> _Exercise objective_
Report back every line from the entries below in which the word "moreover" occurs.

> _Extracted records_
lemma map_minus_one [simp]: "\<tau> minus_one = minus_one"
proof -
  have "mul (\<tau> minus_one) (\<tau> minus_one) = u1"
    by (simp flip: hom add: minus_one_squared)
  then have "\<tau> minus_one = u1 \<or> \<tau> minus_one = minus_one" by (rule square_eq_one_cases)
  then show ?thesis using minus_one_nonzero one_add_minus_one inj map_one
    by (metis add_zero_right injD)
qed

lemma map_nf_inv:
  assumes "d \<noteq> u0"
  shows "\<tau> (nf_inv mul u1 d) = nf_inv mul u1 (\<tau> d)"
proof (rule mul_left_cancel[OF map_nonzero[OF assms]])
  show "mul (\<tau> d) (\<tau> (nf_inv mul u1 d)) = mul (\<tau> d) (nf_inv mul u1 (\<tau> d))"
    by (simp flip: hom add: mul_nf_inv assms map_nonzero)
qed

lemma map_phi:
  assumes "d \<noteq> u0"
  shows "\<tau> (phi mul u1 d x) = phi mul u1 (\<tau> d) (\<tau> x)"
  unfolding phi_def by (simp add: hom map_nf_inv[OF assms])

end

locale twisted_nearfield = nearfield +
  fixes \<sigma> \<rho> :: "'a \<Rightarrow> 'a"
  assumes mult_aut_\<sigma>: "mult_aut mul u1 \<sigma>"
    and mult_aut_\<rho>: "mult_aut mul u1 \<rho>"
begin

sublocale \<sigma>: nearfield_aut add mul u0 u1 \<sigma>
  using mult_aut_\<sigma> by unfold_locales

sublocale \<rho>: nearfield_aut add mul u0 u1 \<rho>
  using mult_aut_\<rho> by unfold_locales

sublocale \<sigma>\<rho>: nearfield_aut add mul u0 u1 "\<sigma> \<circ> \<rho>"
  using mult_aut_comp[OF mult_aut_\<sigma> mult_aut_\<rho>] by unfold_locales

abbreviation vadd :: "'a \<Rightarrow> 'a \<Rightarrow> 'a" where
  "vadd \<equiv> tw_add add \<sigma>"

abbreviation act :: "'a \<Rightarrow> 'a \<Rightarrow> 'a" where
  "act \<equiv> \<lambda>a b. mul (\<rho> a) b"

lemma \<sigma>_vadd: "\<sigma> (vadd a b) = add (\<sigma> a) (\<sigma> b)"
  by (simp add: tw_add_def)

lemma act_free: "act a v = act b v \<Longrightarrow> a = b \<or> v = u0"
  using mul_right_cancel \<rho>.inj by (metis injD)

lemma F_space: "F_space mul u1 u0 minus_one vadd u0 act"
  unfolding F_space_def
proof (intro conjI allI)
  show "scalar_group mul u1 u0 minus_one"
    using near_field minus_one_nonzero minus_one_squared minus_one_central mul_zero_left mul_zero_right
    unfolding scalar_group_def near_field_def by blast
  show "is_abelian_group vadd u0"
    using is_abelian_group_tw_add[OF _ \<sigma>.bij] near_field
    unfolding near_field_def by (metis \<sigma>.inv_zero)
  fix a b u v
  show "act (mul a b) v = act a (act b v)"
    by (simp add: \<rho>.hom mul_assoc)
  show "act u1 v = v" "act u0 v = u0"
    by simp_all
  show "vadd (act minus_one v) v = u0"
    by (rule \<sigma>.inj[THEN injD]) (simp add: \<sigma>_vadd \<sigma>.hom add_mul_minus_one_left)
  show "act a (vadd u v) = vadd (act a u) (act a v)"
    by (rule \<sigma>.inj[THEN injD]) (simp add: \<sigma>_vadd \<sigma>.hom mul_add_distrib_left)
qed
(* Let $1<q<\infty$ and let $M\in\mathcal C^2$ be an Orlicz function with $M(0)=0=M'(0)$ such that $\lim_{t\to0^+}M''(t)/t^{q-2}$ exists (in $\overline{\mathbb R}$) and there is a constant $C>0$ with \[ \int_0^s\frac{M(t)}{t^{q+1}}\,\mathrm dt\leq C\,\frac{M(s)}{s^q}\qquad\text{for all }0<s\leq M^{-1}(1). \] Then \[ \lim_{t\to0^+}\frac{M(t)}{t^q}=\lim_{t\to0^+}\frac{M'(t)}{t^{q-1}}=\lim_{t\to0^+}\frac{M''(t)}{t^{q-2}}=0. \]
   Context: An Orlicz function is a convex function $M:[0,\infty)\to[0,\infty)$ with $M(0)=0$ and $M(t)>0$ for $t>0$. *)

theory Defs
  imports "HOL-Analysis.Analysis" "HOL-Library.Extended_Real"
begin

definition orlicz_function :: "(real \<Rightarrow> real) \<Rightarrow> bool" where
  "orlicz_function M \<longleftrightarrow> convex_on {0..} M \<and> M 0 = 0 \<and> (\<forall>t>0. M t > 0)"

end

theory Submission
  imports Defs
begin

text \<open>
  Two applications of L'Hopital's rule show that M''(t)/t^(q-2), (q-1) M'(t)/t^(q-1) and
  q(q-1) M(t)/t^q have the same limit L in the extended reals as t tends to 0+, and L \<ge> 0 because
  M is positive. If L > 0, then M(t) \<ge> c t^q near 0, so the integral of M(t)/t^(q+1) over (0, s]
  dominates c times that of 1/t and is infinite, whereas the integral condition makes it finite
  for small s. Hence L = 0.
\<close>

lemma has_real_derivative_at_if_within_Ici:
  assumes "(f has_real_derivative D) (at t within {a..})" "a < t"
  shows "(f has_real_derivative D) (at t)"
proof -
  have "at t within {a..} = at t"
    using assms(2) by (intro at_within_interior) simp
  then show ?thesis
    using assms(1) by simp
qed

lemma tendsto_at_right_if_has_real_derivative_within_Ici:
  assumes "(f has_real_derivative D) (at a within {a..})"
  shows "(f \<longlongrightarrow> f a) (at_right a)"
proof -
  have "(f \<longlongrightarrow> f a) (at a within {a..})"
    using DERIV_continuous[OF assms] by (simp add: continuous_within)
  then show ?thesis
    by (rule tendsto_within_subset) auto
qed

lemma tendsto_ereal_powr_ratio_lhopital:
  fixes F F' :: "real \<Rightarrow> real"
  assumes r: "0 < r" and F0: "(F \<longlongrightarrow> 0) (at_right 0)"
    and F': "\<And>t. 0 < t \<Longrightarrow> (F has_real_derivative F' t) (at t)"
    and lim: "((\<lambda>t. ereal (F' t / t powr (r - 1))) \<longlongrightarrow> L) (at_right 0)"
  shows "((\<lambda>t. ereal (r * F t / t powr r)) \<longlongrightarrow> L) (at_right 0)"
proof -
  have pos: "\<forall>\<^sub>F t in at_right 0. (0::real) < t"
    by (rule eventually_at_right_less)
  have "filterlim (\<lambda>t. r * F t / t powr r) (filtercomap ereal (nhds L)) (at_right 0)"
  proof (rule lhopital_right_0)
    show "((\<lambda>t. r * F t) \<longlongrightarrow> 0) (at_right 0)"
      by (rule tendsto_mult_right_zero[OF F0])
    have "\<forall>\<^sub>F t in at_right 0. (0::real) \<le> t"
      using pos by eventually_elim simp
    then show "((\<lambda>t. t powr r) \<longlongrightarrow> 0) (at_right 0)"
      using tendsto_zero_powrI[OF tendsto_ident_at tendsto_const _ r] by blast
    show "\<forall>\<^sub>F t in at_right 0. t powr r \<noteq> 0"
      using pos by eventually_elim simp
    show "\<forall>\<^sub>F t in at_right 0. r * t powr (r - 1) \<noteq> 0"
      using pos by eventually_elim (use r in simp)
    show "\<forall>\<^sub>F t in at_right 0. ((\<lambda>t. r * F t) has_real_derivative r * F' t) (at t)"
      using pos by eventually_elim (rule DERIV_cmult[OF F'])
    show "\<forall>\<^sub>F t in at_right 0. ((\<lambda>t. t powr r) has_real_derivative r * t powr (r - 1)) (at t)"
      using pos by eventually_elim (rule has_real_derivative_powr)
    have "(\<lambda>t. r * F' t / (r * t powr (r - 1))) = (\<lambda>t. F' t / t powr (r - 1))"
      using r by simp
    then show "filterlim (\<lambda>t. r * F' t / (r * t powr (r - 1))) (filtercomap ereal (nhds L)) (at_right 0)"
      using lim by (simp only: filterlim_filtercomap_iff comp_def)
  qed
  then show ?thesis
    by (simp only: filterlim_filtercomap_iff comp_def)
qed

lemma tendsto_ereal_powr_ratios_lhopital_twice:
  fixes F F' F'' :: "real \<Rightarrow> real"
  assumes q: "1 < q"
    and F0: "(F \<longlongrightarrow> 0) (at_right 0)" and F'0: "(F' \<longlongrightarrow> 0) (at_right 0)"
    and F': "\<And>t. 0 < t \<Longrightarrow> (F has_real_derivative F' t) (at t)"
    and F'': "\<And>t. 0 < t \<Longrightarrow> (F' has_real_derivative F'' t) (at t)"
    and lim: "((\<lambda>t. ereal (F'' t / t powr (q - 2))) \<longlongrightarrow> L) (at_right 0)"
  shows "((\<lambda>t. ereal ((q - 1) * (F' t / t powr (q - 1)))) \<longlongrightarrow> L) (at_right 0)"
    and "((\<lambda>t. ereal (q * (q - 1) * (F t / t powr q))) \<longlongrightarrow> L) (at_right 0)"
proof -
  have "((\<lambda>t. ereal (F'' t / t powr (q - 1 - 1))) \<longlongrightarrow> L) (at_right 0)"
    using lim by (simp add: diff_diff_eq)
  then have lim': "((\<lambda>t. ereal ((q - 1) * F' t / t powr (q - 1))) \<longlongrightarrow> L) (at_right 0)"
    using q F'0 F'' by (intro tendsto_ereal_powr_ratio_lhopital) auto
  then show "((\<lambda>t. ereal ((q - 1) * (F' t / t powr (q - 1)))) \<longlongrightarrow> L) (at_right 0)"
    by (simp only: times_divide_eq_right)
  have "((\<lambda>t. ereal (q * ((q - 1) * F t) / t powr q)) \<longlongrightarrow> L) (at_right 0)"
  proof (rule tendsto_ereal_powr_ratio_lhopital[OF _ tendsto_mult_right_zero[OF F0] _ lim'])
    show "((\<lambda>t. (q - 1) * F t) has_real_derivative (q - 1) * F' t) (at t)" if "0 < t" for t
      using that by (intro DERIV_cmult F')
  qed (use q in simp)
  then show "((\<lambda>t. ereal (q * (q - 1) * (F t / t powr q))) \<longlongrightarrow> L) (at_right 0)"
    by (simp only: times_divide_eq_right mult.assoc)
qed

lemma nn_integral_Ioc_divide_eq_infinity:
  fixes c s :: real
  assumes c: "0 < c" and s: "0 < s"
  shows "(\<integral>\<^sup>+ t\<in>{0<..s}. ennreal (c / t) \<partial>lborel) = \<infinity>"
proof (cases "\<integral>\<^sup>+ t\<in>{0<..s}. ennreal (c / t) \<partial>lborel")
  case (real K)
  \<comment> \<open>chosen so that the integral of c/t over [e, s] equals K + c\<close>
  define e where "e = s * exp (- (K / c + 1))"
  have "exp (- (K / c + 1)) \<le> 1"
    using divide_nonneg_pos[OF real(1) c] by simp
  then have e: "0 < e" "e \<le> s"
    using s by (simp_all add: e_def mult_le_cancel_left2)
  have FTC: "(\<integral>\<^sup>+ t. ennreal (c / t) * indicator {e..s} t \<partial>lborel) = ennreal (c * ln s - c * ln e)"
  proof (rule nn_integral_FTC_Icc)
    show "(\<lambda>t. c / t) \<in> borel_measurable borel"
      by measurable
    show "((\<lambda>t. c * ln t) has_real_derivative c / t) (at t)" if "t \<in> {e..s}" for t
      using that e DERIV_cmult[OF DERIV_ln_divide, of t c] by simp
  qed (use e c in auto)
  have "c * ln s - c * ln e = K + c"
    using s c by (simp add: e_def ln_mult algebra_simps)
  then have "ennreal (K + c) = (\<integral>\<^sup>+ t. ennreal (c / t) * indicator {e..s} t \<partial>lborel)"
    by (simp only: FTC)
  also have "\<dots> \<le> (\<integral>\<^sup>+ t\<in>{0<..s}. ennreal (c / t) \<partial>lborel)"
    using e by (intro nn_integral_mono) (simp split: split_indicator)
  also have "\<dots> = ennreal K"
    by (rule real(2))
  finally have "K + c \<le> K"
    using real(1) c by simp
  then show ?thesis
    using c by simp
qed simp

lemma powr_ratio_limit_nonpos_if_nn_integral_finite:
  fixes F :: "real \<Rightarrow> real" and c q :: real
  assumes c: "0 < c"
    and lim: "((\<lambda>t. ereal (c * (F t / t powr q))) \<longlongrightarrow> L) (at_right 0)"
    and fin: "\<forall>\<^sub>F s in at_right 0. (\<integral>\<^sup>+ t\<in>{0<..s}. ennreal (F t / t powr (q + 1)) \<partial>lborel) < \<infinity>"
  shows "L \<le> 0"
proof (rule ccontr)
  assume "\<not> L \<le> 0"
  then have "0 < L"
    by (simp add: not_le)
  then obtain z where z: "0 < z" "ereal z < L"
    using ereal_dense2[of 0 L] by auto
  obtain b where b: "0 < b" and near: "\<And>t. 0 < t \<Longrightarrow> t < b \<Longrightarrow>
      ereal z < ereal (c * (F t / t powr q)) \<and> (\<integral>\<^sup>+ u\<in>{0<..t}. ennreal (F u / u powr (q + 1)) \<partial>lborel) < \<infinity>"
    using eventually_conj[OF order_tendstoD(1)[OF lim z(2)] fin]
    unfolding eventually_at_right_field by blast
  define s where "s = b / 2"
  have s: "0 < s" "s < b"
    using b by (auto simp: s_def)
  have "z / c / t \<le> F t / t powr (q + 1)" if t: "0 < t" "t \<le> s" for t
  proof -
    have tq: "0 < t powr q"
      using t by simp
    have "z < c * (F t / t powr q)"
      using near[of t] t s by simp
    then have "z / c * t powr q \<le> F t"
      using c tq by (simp add: pos_less_divide_eq pos_divide_le_eq mult.commute)
    then have "z / c * t powr q / t powr (q + 1) \<le> F t / t powr (q + 1)"
      by (rule divide_right_mono) simp
    then show ?thesis
      using t by (simp add: powr_add)
  qed
  then have "(\<integral>\<^sup>+ t\<in>{0<..s}. ennreal (z / c / t) \<partial>lborel)
      \<le> (\<integral>\<^sup>+ t\<in>{0<..s}. ennreal (F t / t powr (q + 1)) \<partial>lborel)"
    by (intro nn_integral_mono) (auto intro: ennreal_leI split: split_indicator)
  moreover have "(\<integral>\<^sup>+ t\<in>{0<..s}. ennreal (z / c / t) \<partial>lborel) = \<infinity>"
    using z c s by (intro nn_integral_Ioc_divide_eq_infinity) auto
  ultimately have "\<not> (\<integral>\<^sup>+ t\<in>{0<..s}. ennreal (F t / t powr (q + 1)) \<partial>lborel) < \<infinity>"
    by (simp add: not_less)
  then show False
    using near[OF s] by simp
qed

lemma tendsto_zero_if_ereal_cmult_tendsto_zero:
  fixes f :: "'a \<Rightarrow> real"
  assumes "c \<noteq> 0" and "((\<lambda>x. ereal (c * f x)) \<longlongrightarrow> 0) F"
  shows "(f \<longlongrightarrow> 0) F"
proof -
  have "((\<lambda>x. c * f x) \<longlongrightarrow> 0) F"
    using assms(2) by (simp add: zero_ereal_def)
  then have "((\<lambda>x. c * f x / c) \<longlongrightarrow> 0) F"
    by (rule tendsto_divide_zero)
  then show ?thesis
    using assms(1) by simp
qed

theorem lemma3p2:
  fixes M M' M'' :: "real \<Rightarrow> real" and q C :: real
  assumes q: "1 < q"
    and orl: "orlicz_function M"
    and dM: "\<And>t. t \<ge> 0 \<Longrightarrow> (M has_real_derivative M' t) (at t within {0..})"
    and dM': "\<And>t. t \<ge> 0 \<Longrightarrow> (M' has_real_derivative M'' t) (at t within {0..})"
    and contM'': "continuous_on {0..} M''"
    and M'0: "M' 0 = 0"
    and lim2: "\<exists>L::ereal. ((\<lambda>t. ereal (M'' t / t powr (q - 2))) \<longlongrightarrow> L) (at_right 0)"
    and Cpos: "C > 0"
    and intcond: "\<And>s. 0 < s \<Longrightarrow> M s \<le> 1 \<Longrightarrow>
        (\<integral>\<^sup>+ t\<in>{0<..s}. ennreal (M t / t powr (q + 1)) \<partial>lborel) \<le> ennreal (C * M s / s powr q)"
  shows "((\<lambda>t. M t / t powr q) \<longlongrightarrow> 0) (at_right 0)
       \<and> ((\<lambda>t. M' t / t powr (q - 1)) \<longlongrightarrow> 0) (at_right 0)
       \<and> ((\<lambda>t. M'' t / t powr (q - 2)) \<longlongrightarrow> 0) (at_right 0)"
proof -
  have M0: "M 0 = 0" and Mpos: "\<And>t. 0 < t \<Longrightarrow> 0 < M t"
    using orl unfolding orlicz_function_def by auto
  have M_to_0: "(M \<longlongrightarrow> 0) (at_right 0)" and M'_to_0: "(M' \<longlongrightarrow> 0) (at_right 0)"
    using tendsto_at_right_if_has_real_derivative_within_Ici[OF dM] M0
      tendsto_at_right_if_has_real_derivative_within_Ici[OF dM'] M'0 by simp_all
  obtain L where L: "((\<lambda>t. ereal (M'' t / t powr (q - 2))) \<longlongrightarrow> L) (at_right 0)"
    using lim2 by blast
  have dM_at: "\<And>t. 0 < t \<Longrightarrow> (M has_real_derivative M' t) (at t)"
    and dM'_at: "\<And>t. 0 < t \<Longrightarrow> (M' has_real_derivative M'' t) (at t)"
    using has_real_derivative_at_if_within_Ici[OF dM] has_real_derivative_at_if_within_Ici[OF dM']
    by simp_all
  have LM': "((\<lambda>t. ereal ((q - 1) * (M' t / t powr (q - 1)))) \<longlongrightarrow> L) (at_right 0)"
    and LM: "((\<lambda>t. ereal (q * (q - 1) * (M t / t powr q))) \<longlongrightarrow> L) (at_right 0)"
    using tendsto_ereal_powr_ratios_lhopital_twice[OF q M_to_0 M'_to_0 dM_at dM'_at L] by simp_all
  have fin: "\<forall>\<^sub>F s in at_right 0. (\<integral>\<^sup>+ t\<in>{0<..s}. ennreal (M t / t powr (q + 1)) \<partial>lborel) < \<infinity>"
    using order_tendstoD(2)[OF M_to_0 zero_less_one, THEN eventually_conj, OF eventually_at_right_less]
  proof eventually_elim
    case (elim s)
    then show ?case
      using le_less_trans[OF intcond[of s] ennreal_less_top] by simp
  qed
  have "0 \<le> L"
  proof (rule tendsto_lowerbound[OF LM])
    show "\<forall>\<^sub>F t in at_right 0. 0 \<le> ereal (q * (q - 1) * (M t / t powr q))"
      using q Mpos by (intro eventually_at_rightI[of 0 1]) (simp_all add: less_imp_le)
  qed simp
  moreover have "L \<le> 0"
    using q by (intro powr_ratio_limit_nonpos_if_nn_integral_finite[OF _ LM fin]) simp
  ultimately have "L = 0"
    by simp
  have "((\<lambda>t. M t / t powr q) \<longlongrightarrow> 0) (at_right 0)"
    using q LM \<open>L = 0\<close> by (intro tendsto_zero_if_ereal_cmult_tendsto_zero[of "q * (q - 1)"]) simp_all
  moreover have "((\<lambda>t. M' t / t powr (q - 1)) \<longlongrightarrow> 0) (at_right 0)"
    using q LM' \<open>L = 0\<close> by (intro tendsto_zero_if_ereal_cmult_tendsto_zero[of "q - 1"]) simp_all
  moreover have "((\<lambda>t. M'' t / t powr (q - 2)) \<longlongrightarrow> 0) (at_right 0)"
    using L \<open>L = 0\<close> by (simp add: zero_ereal_def)
  ultimately show ?thesis
    by (intro conjI)
qed

end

> _Solution to the problem_
  moreover have "(\<integral>\<^sup>+ t\<in>{0<..s}. ennreal (z / c / t) \<partial>lborel) = \<infinity>"
  moreover have "L \<le> 0"
  moreover have "((\<lambda>t. M' t / t powr (q - 1)) \<longlongrightarrow> 0) (at_right 0)"
  moreover have "((\<lambda>t. M'' t / t powr (q - 2)) \<longlongrightarrow> 0) (at_right 0)"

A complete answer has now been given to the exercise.